India: Kerala fishermen reject plans for surfers’ paradise

24th Dec 2009
India: Kerala fishermen reject plans for surfers’ paradise

Fishermen in the regions of Kovalam and Vizhinjam in the southern Indian state of Kerala have urged authorities to halt the construction of an artificial reef funded by central government Tsunami Rehabilitation Funds. In an attempt to attract surfers to the area and turn Kovalam into a year-round tourism destination, the state government plans to build the reef 150 metres from the tourist beach.

Fishermen’s access to local beaches has already been curtailed due to tourism. They now fear that the new project will further restrict fishing space, threatening the livelihoods of up to 1800 fishermen and their families and forcing some to relocate. Fishermen are calling on the state government to shift the reef to at least two kilometres away from the beach where they fish.

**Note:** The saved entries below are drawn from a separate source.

lemma str_restr_eq_drop: "str_restr xs (int i) (int (length xs) - 1) = drop i xs"
  unfolding str_restr_def by (rule nth_equalityI) (auto simp: nat_add_distrib)

lemma str_restr_empty: "b < a \<Longrightarrow> str_restr xs a b = []"
  by (simp add: str_restr_def)

lemma past_window_step:
  assumes \<zeta>: "\<zeta> \<in> E_str wU \<delta> X0 (- int l) (- 1) x"
    and tr: "(x, u, y, x') \<in> \<delta>"
    and reach: "(\<mu>', \<nu>', \<xi>') \<in> full_behavior \<delta> X0" "\<xi>' j = x'"
  shows "tl (\<zeta> @ [Some (piW wU u y)]) \<in> E_str wU \<delta> X0 (- int l) (- 1) x'"
proof -
  obtain \<mu> \<nu> \<xi> k where run: "(\<mu>, \<nu>, \<xi>) \<in> full_behavior \<delta> X0" and xk: "\<xi> k = x"
    and \<zeta>_eq: "\<zeta> = sig_restr (ext_signal wU \<mu> \<nu>) (int k - int l) (int k - 1)"
    using \<zeta> by (auto simp: mem_E_str_iff)
  define \<mu>s \<nu>s \<xi>s where "\<mu>s = splice_at k j (\<mu>(k := u)) \<mu>'"
    and "\<nu>s = splice_at k j (\<nu>(k := y)) \<nu>'" and "\<xi>s = splice_at k j \<xi> \<xi>'"
  have run_s: "(\<mu>s, \<nu>s, \<xi>s) \<in> full_behavior \<delta> X0"
    unfolding \<mu>s_def \<nu>s_def \<xi>s_def
    by (rule full_behavior_splice[OF run _ reach(1)]) (use tr xk reach(2) in simp)
  have at_Suc: "\<xi>s (Suc k) = x'"
    using reach(2) by (simp add: \<xi>s_def splice_at_def)
  let ?w = "ext_signal wU \<mu> \<nu>" and ?ws = "ext_signal wU \<mu>s \<nu>s"
  have past: "?ws t = ?w t" if "t < int k" for t
    using that by (auto simp: ext_signal_def \<mu>s_def \<nu>s_def splice_at_def)
  have now: "?ws (int k) = Some (piW wU u y)"
    by (simp add: ext_signal_def \<mu>s_def \<nu>s_def splice_at_def)
  have "sig_restr ?ws (int (Suc k) - int l) (int (Suc k) - 1)
          = tl (sig_restr ?ws (int k - int l) (int k))"
    by (simp add: tl_sig_restr algebra_simps)
  also have "\<dots> = tl (sig_restr ?ws (int k - int l) (int k - 1) @ [Some (piW wU u y)])"
    by (simp add: sig_restr_snoc now)
  also have "\<dots> = tl (\<zeta> @ [Some (piW wU u y)])"
    unfolding \<zeta>_eq by (metis sig_restr_cong past zle_diff1_eq)
  finally have "tl (\<zeta> @ [Some (piW wU u y)]) =
      sig_restr ?ws (int (Suc k) + - int l) (int (Suc k) + - 1)"
    by simp
  then show ?thesis
    unfolding mem_E_str_iff using run_s at_Suc by blast
qed

lemma hatDelta_0_intro:
  assumes \<zeta>: "\<zeta> \<in> E_str wU \<delta> X0 (- int l) (- 1) x" "x \<in> X"
    and \<zeta>': "\<zeta>' \<in> E_str wU \<delta> X0 (- int l) (- 1) x'" "x' \<in> X"
    and tr: "(x, u, y, x') \<in> \<delta>"
    and shift: "\<zeta>' = tl (\<zeta> @ [Some (piW wU u y)])"
  shows "(\<zeta>, u, y, \<zeta>') \<in> hatDelta wU X \<delta> X0 l 0"
proof -
  have len: "length \<zeta> = l" "length \<zeta>' = l"
    using length_E_str[OF \<zeta>(1)] length_E_str[OF \<zeta>'(1)] by simp_all
  have "str_restr \<zeta>' 0 (int l - 1) =
          str_restr (str_restr \<zeta> 0 (int l - 1) @ [Some (piW wU u y)]) 1 (int l)"
    using str_restr_eq_drop[of \<zeta> 0] str_restr_eq_drop[of \<zeta>' 0]
      str_restr_eq_drop[of "\<zeta> @ [Some (piW wU u y)]" 1]
    by (simp add: len shift drop_Suc del: drop_append)
  then show ?thesis
    using assms by (auto simp: hatDelta_def hatX_def str_restr_empty)
qed

definition past_window_rel ::
  "bool \<Rightarrow> 'x set \<Rightarrow> ('x \<times> 'u \<times> 'y \<times> 'x) set \<Rightarrow> 'x set \<Rightarrow> nat \<Rightarrow>
   ('x \<times> ('u option \<times> 'y) option list) set" where
  "past_window_rel wU X \<delta> X0 l = {(x, \<zeta>). x \<in> X \<and> \<zeta> \<in> E_str wU \<delta> X0 (- int l) (- 1) x}"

Planning for the reef began in 2005. However, local communities were not consulted and only became aware of the plans when the laying of geo-textile bags, which form the base of the reef, was about to start. Local fishermen’s ongoing opposition prompted a recent meeting with state government officials and representatives of ASR Limited, the New Zealand-based company undertaking the project. Despite promises that the reef will benefit communities by increasing tourism and providing coastal protection, local people remain sceptical. There have been no social or environmental impact assessments of the reef project and Kovalam reportedly suffers no serious sea-erosion problems compared to other nearby fishing villages. This includes villages in the region of Allappat, which was badly hit by the tsunami. Furthermore, the effectiveness of artificial reefs in preventing coastal erosion remains unproven.

Calls from local and international campaigning organisations, including Tourism Concern, for a fair and transparent public hearing on the issue have so far fallen on deaf ears. The funding for the project has allegedly recently doubled, leading to additional calls for public scrutiny of the budget.